SUPPLIED DATA:
(* Let $d\ge1$, $\alpha\in\mathbb{N}$, let $H=(V,E)$ be a $d$-hypergraph with maximum degree $\Delta$ and let $w\colon E\to\mathbb{Z}$. Suppose that $H$ has no isolated vertex (every vertex lies in some edge), that $w(e)\neq0$ for every $e\in E$, and that $|V|\ge 2\alpha\, d^3\Delta^2$. Then there is a set $X\subseteq V$ with $|w[X]|\ge\alpha$.
   Context: A $d$-hypergraph $H=(V,E)$ has a vertex set $V$ and a set $E$ of edges, each $e\subseteq V$ with $|e|\le d$ (the empty set may be an edge). The degree of a vertex is the number of edges containing it; $\Delta$ is the maximum degree. For $X\subseteq V$, $E[X]=\{e\in E: e\subseteq X\}$ and $w[X]=\sum_{e\in E[X]}w(e)$. *)

theory Defs
  imports Main
begin

definition hypergraph :: "nat \<Rightarrow> 'a set \<Rightarrow> 'a set set \<Rightarrow> bool" where
  "hypergraph d V E \<longleftrightarrow> finite V \<and> (\<forall>e\<in>E. e \<subseteq> V \<and> card e \<le> d)"

definition vdegree :: "'a set set \<Rightarrow> 'a \<Rightarrow> nat" where
  "vdegree E v = card {e \<in> E. v \<in> e}"

definition max_degree :: "'a set \<Rightarrow> 'a set set \<Rightarrow> nat" where
  "max_degree V E = Max ((vdegree E) ` V)"

definition wsum :: "'a set set \<Rightarrow> ('a set \<Rightarrow> int) \<Rightarrow> 'a set \<Rightarrow> int" where
  "wsum E w X = (\<Sum>e\<in>{e \<in> E. e \<subseteq> X}. w e)"

end

theory Submission
  imports Defs
begin

text \<open>Greedily pick nonempty, inclusion-minimal edges that are pairwise far apart: no edge
  meets two of them. Every new pick only has to avoid the second edge-neighbourhood of the
  previous ones, which has at most \<open>d\<^sup>3\<Delta>\<^sup>2\<close> vertices per picked edge, so \<open>2\<alpha>\<close> such edges exist.
  For any subfamily \<open>T\<close> of them, the edges inside \<open>\<Union>T\<close> are exactly \<open>T\<close> and possibly the empty
  edge, so \<open>w[\<Union>T] = w[{}] + \<Sum>T w\<close>. Taking for \<open>T\<close> the positive and the negative picks gives
  two values differing by at least \<open>2\<alpha>\<close>, so one of them has absolute value at least \<open>\<alpha>\<close>.\<close>

definition edge_nbhd :: "'a set set \<Rightarrow> 'a set \<Rightarrow> 'a set" where
  "edge_nbhd E A = \<Union>{g \<in> E. g \<inter> A \<noteq> {}}"

definition minimal_edge :: "'a set set \<Rightarrow> 'a set \<Rightarrow> bool" where
  "minimal_edge E e \<longleftrightarrow> e \<in> E \<and> e \<noteq> {} \<and> (\<forall>f\<in>E. f \<noteq> {} \<longrightarrow> f \<subseteq> e \<longrightarrow> f = e)"

definition scattered :: "'a set set \<Rightarrow> 'a set set \<Rightarrow> bool" where
  "scattered E S \<longleftrightarrow> (\<forall>e\<in>S. minimal_edge E e)
     \<and> (\<forall>e1\<in>S. \<forall>e2\<in>S. e1 \<noteq> e2 \<longrightarrow> (\<forall>g\<in>E. g \<inter> e1 = {} \<or> g \<inter> e2 = {}))"

lemma scattered_subset: "scattered E S \<Longrightarrow> S \<subseteq> E"
  by (auto simp: scattered_def minimal_edge_def)

lemma scattered_eqI:
  assumes "scattered E S" "e1 \<in> S" "e2 \<in> S" "g \<in> E" "x \<in> g \<inter> e1" "y \<in> g \<inter> e2"
  shows "e1 = e2"
proof (rule ccontr)
  assume "e1 \<noteq> e2"
  with assms(1-4) have "g \<inter> e1 = {} \<or> g \<inter> e2 = {}" unfolding scattered_def by simp
  with assms(5,6) show False by blast
qed

lemma card_Union_le_card_mult:
  assumes "\<And>a. a \<in> A \<Longrightarrow> card a \<le> d"
  shows "card (\<Union>A) \<le> card A * d"
proof -
  have "card (\<Union>A) \<le> sum card A" by (rule card_Union_le_sum_card)
  also have "\<dots> \<le> card A * d" using sum_bounded_above[of A card d] assms by simp
  finally show ?thesis .
qed

lemma finite_edges_if_hypergraph: "hypergraph d V E \<Longrightarrow> finite E"
  unfolding hypergraph_def by (meson PowI finite_Pow_iff rev_finite_subset subsetI)

lemma vdegree_le_max_degree: "finite V \<Longrightarrow> x \<in> V \<Longrightarrow> vdegree E x \<le> max_degree V E"
  unfolding max_degree_def by simp

lemma edge_nbhd_subset: "hypergraph d V E \<Longrightarrow> edge_nbhd E A \<subseteq> V"
  unfolding hypergraph_def edge_nbhd_def by blast

lemma card_edge_nbhd_le:
  assumes h: "hypergraph d V E" and A: "A \<subseteq> V"
  shows "card (edge_nbhd E A) \<le> card A * (max_degree V E * d)"
proof -
  have fV: "finite V" using h unfolding hypergraph_def by simp
  have "edge_nbhd E A = (\<Union>x\<in>A. \<Union>{g\<in>E. x \<in> g})" unfolding edge_nbhd_def by blast
  also have "card \<dots> \<le> (\<Sum>x\<in>A. card (\<Union>{g\<in>E. x \<in> g}))"
    using A fV by (intro card_UN_le) (rule finite_subset)
  also have "\<dots> \<le> (\<Sum>x\<in>A. max_degree V E * d)"
  proof (rule sum_mono)
    fix x assume "x \<in> A"
    have "card (\<Union>{g\<in>E. x \<in> g}) \<le> vdegree E x * d"
      unfolding vdegree_def using h by (intro card_Union_le_card_mult) (auto simp: hypergraph_def)
    also have "\<dots> \<le> max_degree V E * d"
      using vdegree_le_max_degree[OF fV] \<open>x \<in> A\<close> A by auto
    finally show "card (\<Union>{g\<in>E. x \<in> g}) \<le> max_degree V E * d" .
  qed
  finally show ?thesis by simp
qed

lemma minimal_edge_below:
  assumes "finite E" "f \<in> E" "f \<noteq> {}"
  obtains e where "minimal_edge E e" "e \<subseteq> f"
proof -
  obtain e where "e \<in> {g \<in> E. g \<noteq> {}}" "e \<subseteq> f"
    and "\<forall>g \<in> {g \<in> E. g \<noteq> {}}. g \<subseteq> e \<longrightarrow> e = g"
    using finite_has_minimal2[of "{g \<in> E. g \<noteq> {}}" f] assms by auto
  then have "minimal_edge E e" unfolding minimal_edge_def by auto
  with \<open>e \<subseteq> f\<close> show ?thesis using that by blast
qed

lemma scattered_insert:
  assumes S: "scattered E S" and e: "minimal_edge E e"
    and far: "\<forall>g\<in>E. g \<inter> e = {} \<or> g \<inter> \<Union>S = {}"
  shows "scattered E (insert e S)" "e \<notin> S"
proof -
  show "e \<notin> S"
    using far e unfolding minimal_edge_def by blast
  have "g \<inter> e1 = {} \<or> g \<inter> e2 = {}"
    if "e1 \<in> insert e S" "e2 \<in> insert e S" "e1 \<noteq> e2" "g \<in> E" for e1 e2 g
    using that S far unfolding scattered_def by blast
  with S e show "scattered E (insert e S)" unfolding scattered_def by blast
qed

lemma minimal_edge_far_from:
  assumes "finite E" "f \<in> E" "v \<in> f" "v \<notin> edge_nbhd E (edge_nbhd E B)"
  obtains e where "minimal_edge E e" "\<forall>g\<in>E. g \<inter> e = {} \<or> g \<inter> B = {}"
proof -
  obtain e where e: "minimal_edge E e" "e \<subseteq> f"
    using minimal_edge_below assms(1-3) by blast
  have "g \<inter> e = {} \<or> g \<inter> B = {}" if "g \<in> E" for g
  proof (rule ccontr)
    assume "\<not> ?thesis"
    then have "f \<inter> edge_nbhd E B \<noteq> {}"
      using that e(2) unfolding edge_nbhd_def by blast
    then show False using assms(2-4) unfolding edge_nbhd_def by blast
  qed
  with e(1) show ?thesis using that by blast
qed

lemma card_second_edge_nbhd_le:
  assumes h: "hypergraph d V E" and S: "scattered E S"
  shows "card (edge_nbhd E (edge_nbhd E (\<Union>S))) \<le> card S * d ^ 3 * max_degree V E ^ 2"
proof -
  let ?\<Delta> = "max_degree V E"
  have "\<Union>S \<subseteq> V" "\<forall>e\<in>S. card e \<le> d"
    using scattered_subset[OF S] h unfolding hypergraph_def by blast+
  then have "card (\<Union>S) \<le> card S * d" using card_Union_le_card_mult[of S d] by simp
  have "card (edge_nbhd E (edge_nbhd E (\<Union>S))) \<le> card (edge_nbhd E (\<Union>S)) * (?\<Delta> * d)"
    by (rule card_edge_nbhd_le[OF h edge_nbhd_subset[OF h]])
  also have "\<dots> \<le> card (\<Union>S) * (?\<Delta> * d) * (?\<Delta> * d)"
    using card_edge_nbhd_le[OF h \<open>\<Union>S \<subseteq> V\<close>] by simp
  also have "\<dots> \<le> card S * d * (?\<Delta> * d) * (?\<Delta> * d)"
    using \<open>card (\<Union>S) \<le> card S * d\<close> by simp
  also have "\<dots> = card S * d ^ 3 * ?\<Delta> ^ 2"
    by (simp add: power2_eq_square power3_eq_cube mult_ac)
  finally show ?thesis .
qed

lemma exists_scattered_card:
  assumes h: "hypergraph d V E" and cov: "\<forall>v\<in>V. \<exists>e\<in>E. v \<in> e" and ne: "V \<noteq> {}"
    and "k * d ^ 3 * max_degree V E ^ 2 \<le> card V"
  shows "\<exists>S. scattered E S \<and> card S = k"
  using assms(4)
proof (induction k)
  case 0
  show ?case by (rule exI[of _ "{}"]) (simp add: scattered_def)
next
  case (Suc k)
  let ?D = "d ^ 3 * max_degree V E ^ 2"
  have fV: "finite V" and fE: "finite E"
    using h finite_edges_if_hypergraph[OF h] unfolding hypergraph_def by simp_all
  have "k * d ^ 3 * max_degree V E ^ 2 \<le> card V"
    using Suc.prems by (rule order_trans[rotated]) simp
  with Suc.IH obtain S where S: "scattered E S" "card S = k" by auto
  let ?B = "edge_nbhd E (edge_nbhd E (\<Union>S))"
  have "card ?B \<le> k * ?D"
    using card_second_edge_nbhd_le[OF h S(1)] S(2) by (simp add: mult.assoc)
  also have "\<dots> < card V"
  proof (cases "?D = 0")
    case True
    have "card V > 0" using ne fV by (simp add: card_gt_0_iff)
    then show ?thesis by (simp only: True mult_0_right)
  next
    case False
    moreover have "k * ?D + ?D \<le> card V" using Suc.prems by (simp add: algebra_simps)
    ultimately show ?thesis by linarith
  qed
  finally have "card ?B < card V" .
  moreover have "finite ?B" using finite_subset[OF edge_nbhd_subset[OF h] fV] .
  ultimately have "\<not> V \<subseteq> ?B" using card_mono[of ?B V] by linarith
  then obtain v f where "v \<in> f" "f \<in> E" "v \<notin> ?B" using cov by blast
  then obtain e where "minimal_edge E e" "\<forall>g\<in>E. g \<inter> e = {} \<or> g \<inter> \<Union>S = {}"
    using minimal_edge_far_from[OF fE] by blast
  note ins = scattered_insert[OF S(1) this]
  have "finite S" using scattered_subset[OF S(1)] fE by (rule finite_subset)
  then have "card (insert e S) = Suc k" using ins(2) S(2) by simp
  with ins(1) show ?case by blast
qed

lemma edges_within_Union_scattered:
  assumes S: "scattered E S" and T: "T \<subseteq> S"
  shows "{e \<in> E. e \<subseteq> \<Union>T} = T \<union> {e \<in> E. e \<subseteq> {}}"
proof
  show "T \<union> {e \<in> E. e \<subseteq> {}} \<subseteq> {e \<in> E. e \<subseteq> \<Union>T}"
    using scattered_subset[OF S] T by auto
next
  show "{e \<in> E. e \<subseteq> \<Union>T} \<subseteq> T \<union> {e \<in> E. e \<subseteq> {}}"
  proof
    fix e assume e: "e \<in> {e \<in> E. e \<subseteq> \<Union>T}"
    show "e \<in> T \<union> {e \<in> E. e \<subseteq> {}}"
    proof (cases "e = {}")
      case False
      then obtain x t where "x \<in> e" "t \<in> T" "x \<in> t" using e by blast
      have "e \<subseteq> t"
      proof
        fix y assume "y \<in> e"
        then obtain t' where "t' \<in> T" "y \<in> t'" using e by blast
        then have "t' = t"
          using scattered_eqI[OF S, of t' t e y x] T \<open>t \<in> T\<close> e \<open>x \<in> e\<close> \<open>x \<in> t\<close> \<open>y \<in> e\<close>
          by blast
        then show "y \<in> t" using \<open>y \<in> t'\<close> by simp
      qed
      moreover have "minimal_edge E t" using S T \<open>t \<in> T\<close> unfolding scattered_def by blast
      ultimately have "e = t" using e False unfolding minimal_edge_def by blast
      then show ?thesis using \<open>t \<in> T\<close> by simp
    qed (use e in simp)
  qed
qed

lemma wsum_Union_scattered:
  assumes "finite E" "scattered E S" "T \<subseteq> S"
  shows "wsum E w (\<Union>T) = wsum E w {} + sum w T"
proof -
  have "T \<subseteq> E" using scattered_subset[OF assms(2)] assms(3) by blast
  moreover have "\<forall>t\<in>T. t \<noteq> {}" using assms(2,3) by (auto simp: scattered_def minimal_edge_def)
  ultimately have "finite T" "T \<inter> {e \<in> E. e \<subseteq> {}} = {}"
    using assms(1) finite_subset by auto
  then show ?thesis
    unfolding wsum_def edges_within_Union_scattered[OF assms(2,3)]
    using assms(1) by (simp add: sum.union_disjoint)
qed

lemma exists_subset_abs_sum_ge:
  fixes w :: "'b \<Rightarrow> int"
  assumes "finite S" "card S = 2 * \<alpha>" "\<forall>e\<in>S. w e \<noteq> 0"
  shows "\<exists>T \<subseteq> S. \<bar>c + sum w T\<bar> \<ge> int \<alpha>"
proof -
  define P where "P = {e \<in> S. w e > 0}"
  define N where "N = {e \<in> S. w e < 0}"
  have "S = P \<union> N" "P \<inter> N = {}"
    using assms(3) unfolding P_def N_def by (auto simp: neq_iff)
  then have "card P + card N = 2 * \<alpha>"
    using assms(1,2) card_Un_disjoint[of P N] by (metis finite_Un)
  moreover have "sum w P \<ge> int (card P)"
    using sum_mono[of P "\<lambda>_. 1" w] unfolding P_def by auto
  moreover have "sum w N \<le> - int (card N)"
    using sum_mono[of N w "\<lambda>_. -1"] unfolding N_def by auto
  ultimately have "\<bar>c + sum w P\<bar> \<ge> int \<alpha> \<or> \<bar>c + sum w N\<bar> \<ge> int \<alpha>"
    by linarith
  moreover have "P \<subseteq> S" "N \<subseteq> S" unfolding P_def N_def by auto
  ultimately show ?thesis by blast
qed

theorem lemma9:
  fixes d \<alpha> :: nat and V :: "'a set" and E :: "'a set set" and w :: "'a set \<Rightarrow> int"
  assumes "d \<ge> 1"
    and "hypergraph d V E"
    and "V \<noteq> {}"
    and "\<forall>v\<in>V. \<exists>e\<in>E. v \<in> e"
    and "\<forall>e\<in>E. w e \<noteq> 0"
    and "card V \<ge> 2 * \<alpha> * d ^ 3 * (max_degree V E) ^ 2"
  shows "\<exists>X \<subseteq> V. \<bar>wsum E w X\<bar> \<ge> int \<alpha>"
proof -
  have fE: "finite E" using finite_edges_if_hypergraph[OF assms(2)] .
  obtain S where S: "scattered E S" "card S = 2 * \<alpha>"
    using exists_scattered_card[OF assms(2,4,3,6)] by blast
  have "S \<subseteq> E" using scattered_subset[OF S(1)] .
  then have "finite S" "\<forall>e\<in>S. w e \<noteq> 0" using fE assms(5) finite_subset by auto
  then obtain T where T: "T \<subseteq> S" "\<bar>wsum E w {} + sum w T\<bar> \<ge> int \<alpha>"
    using exists_subset_abs_sum_ge[of S \<alpha> w "wsum E w {}"] S(2) by blast
  have "\<Union>T \<subseteq> V" using T(1) \<open>S \<subseteq> E\<close> assms(2) unfolding hypergraph_def by blast
  moreover have "wsum E w (\<Union>T) = wsum E w {} + sum w T"
    using wsum_Union_scattered[OF fE S(1) T(1)] .
  ultimately show ?thesis using T(2) by metis
qed

end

EXERCISE BRIEF: Across the data, pull every line containing the string "ccontr".

ANSWER TO THIS PROBLEM:
proof (rule ccontr)
  proof (rule ccontr)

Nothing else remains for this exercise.